Restate word for word the span of lines that opens with the line containing "by (simp add: card_cartesian_product card_Pow)" and closes with the last line of the material. Include both ends and nothing more.

====== Input

lemma card_sig_image:
  "finite (sig k ` W) \<and> card (sig k ` W) \<le> sexp (2 * (k + 1) * card \<Sigma>) (k + 2)"
proof (induction k)
  case 0
  let ?s = "card \<Sigma>"
  let ?T = "local_types \<Sigma> \<times> ({{}} :: 'w set set set)"
  have sub: "sig 0 ` W \<subseteq> ?T"
    using local_type_in_local_types by auto
  have fin: "finite ?T"
    using finite_local_types[OF finite_\<Sigma>] by simp
  have "2 * card (sig 0 ` W) \<le> 2 * card ?T"
    by (intro mult_le_mono2 card_mono[OF fin sub])
  also have "\<dots> \<le> 2 ^ (2 * ?s + 2 ^ ?s) * 2 ^ sexp 0 (Suc 0)"
    using card_local_types[OF finite_\<Sigma>] by (simp add: card_cartesian_product)
  also have "\<dots> \<le> 2 * sexp (0 + 2 * ?s) (Suc (Suc 0))"
    by (rule sexp_step_bound)
  also have "\<dots> = 2 * sexp (2 * (0 + 1) * ?s) (0 + 2)"
    by (simp only: numeral_2_eq_2 add_0 mult_1_right mult_1 add_0_right)
  finally show ?case
    using finite_subset[OF sub fin] by linarith
next
  case (Suc k)
  let ?s = "card \<Sigma>" and ?classes = "sig_class k ` W"
  have fin_classes: "finite ?classes" and card_classes: "card ?classes \<le> card (sig k ` W)"
    using card_image_le_if_factors[of "sig k" W "sig_class k"] Suc.IH sig_class_eq_iff by auto
  have "sig_class k ` {u. strict_le le w u} \<subseteq> ?classes" for w
    using leq_in_W unfolding strict_le_def by blast
  then have sub: "sig (Suc k) ` W \<subseteq> local_types \<Sigma> \<times> Pow ?classes"
    using local_type_in_local_types by (auto simp: sig_Suc)
  have fin: "finite (local_types \<Sigma> \<times> Pow ?classes)"
    using finite_local_types[OF finite_\<Sigma>] fin_classes by simp
  have "2 * card (sig (Suc k) ` W) \<le> 2 * card (local_types \<Sigma> \<times> Pow ?classes)"
    by (intro mult_le_mono2 card_mono[OF fin sub])
  also have "\<dots> = 2 ^ (2 * ?s + 2 ^ ?s) * 2 ^ card ?classes"
    using card_local_types[OF finite_\<Sigma>] fin_classes
    by (simp add: card_cartesian_product card_Pow)
  also have "\<dots> \<le> 2 ^ (2 * ?s + 2 ^ ?s) * 2 ^ sexp (2 * (k + 1) * ?s) (Suc (k + 1))"
    using card_classes Suc.IH by (intro mult_le_mono2 power_increasing) simp_all
  also have "\<dots> \<le> 2 * sexp (2 * (k + 1) * ?s + 2 * ?s) (Suc (Suc (k + 1)))"
    by (rule sexp_step_bound)
  also have "2 * (k + 1) * ?s + 2 * ?s = 2 * (Suc k + 1) * ?s"
    by simp
  also have "Suc (Suc (k + 1)) = Suc k + 2"
    by simp
  finally show ?case
    using finite_subset[OF sub fin] by linarith
qed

============

> [Expected output]
    by (simp add: card_cartesian_product card_Pow)
  also have "\<dots> \<le> 2 ^ (2 * ?s + 2 ^ ?s) * 2 ^ sexp (2 * (k + 1) * ?s) (Suc (k + 1))"
    using card_classes Suc.IH by (intro mult_le_mono2 power_increasing) simp_all
  also have "\<dots> \<le> 2 * sexp (2 * (k + 1) * ?s + 2 * ?s) (Suc (Suc (k + 1)))"
    by (rule sexp_step_bound)
  also have "2 * (k + 1) * ?s + 2 * ?s = 2 * (Suc k + 1) * ?s"
    by simp
  also have "Suc (Suc (k + 1)) = Suc k + 2"
    by simp
  finally show ?case
    using finite_subset[OF sub fin] by linarith
qed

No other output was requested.